> _Supplied entries_

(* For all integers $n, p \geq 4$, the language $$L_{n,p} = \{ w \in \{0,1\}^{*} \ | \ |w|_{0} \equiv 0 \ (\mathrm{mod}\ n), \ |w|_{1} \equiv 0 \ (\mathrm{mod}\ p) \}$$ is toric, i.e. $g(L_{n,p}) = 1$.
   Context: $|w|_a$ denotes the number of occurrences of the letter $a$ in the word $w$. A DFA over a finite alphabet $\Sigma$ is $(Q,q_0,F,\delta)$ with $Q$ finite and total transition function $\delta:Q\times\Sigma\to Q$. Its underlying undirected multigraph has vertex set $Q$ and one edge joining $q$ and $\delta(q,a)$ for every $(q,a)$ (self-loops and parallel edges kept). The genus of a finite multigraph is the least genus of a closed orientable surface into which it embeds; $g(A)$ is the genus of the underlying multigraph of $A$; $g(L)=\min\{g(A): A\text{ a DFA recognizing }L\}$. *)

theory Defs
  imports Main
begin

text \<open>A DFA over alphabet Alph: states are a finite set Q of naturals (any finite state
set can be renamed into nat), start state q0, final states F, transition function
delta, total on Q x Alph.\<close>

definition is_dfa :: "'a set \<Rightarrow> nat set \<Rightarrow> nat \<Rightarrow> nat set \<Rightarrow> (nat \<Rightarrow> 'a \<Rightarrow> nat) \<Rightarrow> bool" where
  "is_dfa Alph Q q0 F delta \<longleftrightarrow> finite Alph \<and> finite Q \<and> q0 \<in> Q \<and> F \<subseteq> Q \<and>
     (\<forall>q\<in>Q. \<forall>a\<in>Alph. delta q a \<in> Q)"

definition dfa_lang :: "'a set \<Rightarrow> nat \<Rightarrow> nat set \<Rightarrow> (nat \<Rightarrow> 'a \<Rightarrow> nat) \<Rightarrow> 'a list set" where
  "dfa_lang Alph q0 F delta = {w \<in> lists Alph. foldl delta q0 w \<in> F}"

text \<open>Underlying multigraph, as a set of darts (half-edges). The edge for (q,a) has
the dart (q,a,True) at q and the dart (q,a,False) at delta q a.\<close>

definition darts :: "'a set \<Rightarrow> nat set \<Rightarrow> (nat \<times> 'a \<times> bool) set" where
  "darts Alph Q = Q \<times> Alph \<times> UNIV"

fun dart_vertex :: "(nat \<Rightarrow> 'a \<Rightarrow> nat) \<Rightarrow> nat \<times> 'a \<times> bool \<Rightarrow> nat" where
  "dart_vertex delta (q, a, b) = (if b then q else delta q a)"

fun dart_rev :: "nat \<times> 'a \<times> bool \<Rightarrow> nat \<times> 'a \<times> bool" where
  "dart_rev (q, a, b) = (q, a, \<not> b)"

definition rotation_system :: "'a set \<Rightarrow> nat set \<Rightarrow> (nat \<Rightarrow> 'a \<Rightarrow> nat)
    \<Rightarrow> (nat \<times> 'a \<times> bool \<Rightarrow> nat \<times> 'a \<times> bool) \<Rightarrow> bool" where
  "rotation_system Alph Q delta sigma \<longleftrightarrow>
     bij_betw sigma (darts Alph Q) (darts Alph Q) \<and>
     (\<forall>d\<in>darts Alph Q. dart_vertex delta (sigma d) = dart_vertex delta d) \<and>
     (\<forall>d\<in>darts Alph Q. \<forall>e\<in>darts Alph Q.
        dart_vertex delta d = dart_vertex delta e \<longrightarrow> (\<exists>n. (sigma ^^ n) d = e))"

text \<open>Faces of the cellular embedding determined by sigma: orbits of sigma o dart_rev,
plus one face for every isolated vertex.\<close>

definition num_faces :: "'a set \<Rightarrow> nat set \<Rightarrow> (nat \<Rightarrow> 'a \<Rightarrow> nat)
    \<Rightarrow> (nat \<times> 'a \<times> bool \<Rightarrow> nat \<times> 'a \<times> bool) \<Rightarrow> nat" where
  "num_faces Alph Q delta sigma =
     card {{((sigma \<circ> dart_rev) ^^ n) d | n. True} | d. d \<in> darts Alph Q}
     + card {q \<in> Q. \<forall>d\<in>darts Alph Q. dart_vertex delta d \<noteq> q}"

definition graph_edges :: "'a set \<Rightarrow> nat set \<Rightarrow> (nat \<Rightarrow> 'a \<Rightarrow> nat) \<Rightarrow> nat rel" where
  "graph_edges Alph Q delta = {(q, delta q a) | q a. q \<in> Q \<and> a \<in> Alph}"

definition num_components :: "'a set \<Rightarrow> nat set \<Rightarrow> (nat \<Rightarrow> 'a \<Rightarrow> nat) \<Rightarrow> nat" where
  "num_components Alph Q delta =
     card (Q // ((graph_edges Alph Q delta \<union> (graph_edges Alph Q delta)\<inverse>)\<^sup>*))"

> _What is being asked_
Take the data above and return it exactly.

> _Answer area_
(* For all integers $n, p \geq 4$, the language $$L_{n,p} = \{ w \in \{0,1\}^{*} \ | \ |w|_{0} \equiv 0 \ (\mathrm{mod}\ n), \ |w|_{1} \equiv 0 \ (\mathrm{mod}\ p) \}$$ is toric, i.e. $g(L_{n,p}) = 1$.
   Context: $|w|_a$ denotes the number of occurrences of the letter $a$ in the word $w$. A DFA over a finite alphabet $\Sigma$ is $(Q,q_0,F,\delta)$ with $Q$ finite and total transition function $\delta:Q\times\Sigma\to Q$. Its underlying undirected multigraph has vertex set $Q$ and one edge joining $q$ and $\delta(q,a)$ for every $(q,a)$ (self-loops and parallel edges kept). The genus of a finite multigraph is the least genus of a closed orientable surface into which it embeds; $g(A)$ is the genus of the underlying multigraph of $A$; $g(L)=\min\{g(A): A\text{ a DFA recognizing }L\}$. *)

theory Defs
  imports Main
begin

text \<open>A DFA over alphabet Alph: states are a finite set Q of naturals (any finite state
set can be renamed into nat), start state q0, final states F, transition function
delta, total on Q x Alph.\<close>

definition is_dfa :: "'a set \<Rightarrow> nat set \<Rightarrow> nat \<Rightarrow> nat set \<Rightarrow> (nat \<Rightarrow> 'a \<Rightarrow> nat) \<Rightarrow> bool" where
  "is_dfa Alph Q q0 F delta \<longleftrightarrow> finite Alph \<and> finite Q \<and> q0 \<in> Q \<and> F \<subseteq> Q \<and>
     (\<forall>q\<in>Q. \<forall>a\<in>Alph. delta q a \<in> Q)"

definition dfa_lang :: "'a set \<Rightarrow> nat \<Rightarrow> nat set \<Rightarrow> (nat \<Rightarrow> 'a \<Rightarrow> nat) \<Rightarrow> 'a list set" where
  "dfa_lang Alph q0 F delta = {w \<in> lists Alph. foldl delta q0 w \<in> F}"

text \<open>Underlying multigraph, as a set of darts (half-edges). The edge for (q,a) has
the dart (q,a,True) at q and the dart (q,a,False) at delta q a.\<close>

definition darts :: "'a set \<Rightarrow> nat set \<Rightarrow> (nat \<times> 'a \<times> bool) set" where
  "darts Alph Q = Q \<times> Alph \<times> UNIV"

fun dart_vertex :: "(nat \<Rightarrow> 'a \<Rightarrow> nat) \<Rightarrow> nat \<times> 'a \<times> bool \<Rightarrow> nat" where
  "dart_vertex delta (q, a, b) = (if b then q else delta q a)"

fun dart_rev :: "nat \<times> 'a \<times> bool \<Rightarrow> nat \<times> 'a \<times> bool" where
  "dart_rev (q, a, b) = (q, a, \<not> b)"

definition rotation_system :: "'a set \<Rightarrow> nat set \<Rightarrow> (nat \<Rightarrow> 'a \<Rightarrow> nat)
    \<Rightarrow> (nat \<times> 'a \<times> bool \<Rightarrow> nat \<times> 'a \<times> bool) \<Rightarrow> bool" where
  "rotation_system Alph Q delta sigma \<longleftrightarrow>
     bij_betw sigma (darts Alph Q) (darts Alph Q) \<and>
     (\<forall>d\<in>darts Alph Q. dart_vertex delta (sigma d) = dart_vertex delta d) \<and>
     (\<forall>d\<in>darts Alph Q. \<forall>e\<in>darts Alph Q.
        dart_vertex delta d = dart_vertex delta e \<longrightarrow> (\<exists>n. (sigma ^^ n) d = e))"

text \<open>Faces of the cellular embedding determined by sigma: orbits of sigma o dart_rev,
plus one face for every isolated vertex.\<close>

definition num_faces :: "'a set \<Rightarrow> nat set \<Rightarrow> (nat \<Rightarrow> 'a \<Rightarrow> nat)
    \<Rightarrow> (nat \<times> 'a \<times> bool \<Rightarrow> nat \<times> 'a \<times> bool) \<Rightarrow> nat" where
  "num_faces Alph Q delta sigma =
     card {{((sigma \<circ> dart_rev) ^^ n) d | n. True} | d. d \<in> darts Alph Q}
     + card {q \<in> Q. \<forall>d\<in>darts Alph Q. dart_vertex delta d \<noteq> q}"

definition graph_edges :: "'a set \<Rightarrow> nat set \<Rightarrow> (nat \<Rightarrow> 'a \<Rightarrow> nat) \<Rightarrow> nat rel" where
  "graph_edges Alph Q delta = {(q, delta q a) | q a. q \<in> Q \<and> a \<in> Alph}"

definition num_components :: "'a set \<Rightarrow> nat set \<Rightarrow> (nat \<Rightarrow> 'a \<Rightarrow> nat) \<Rightarrow> nat" where
  "num_components Alph Q delta =
     card (Q // ((graph_edges Alph Q delta \<union> (graph_edges Alph Q delta)\<inverse>)\<^sup>*))"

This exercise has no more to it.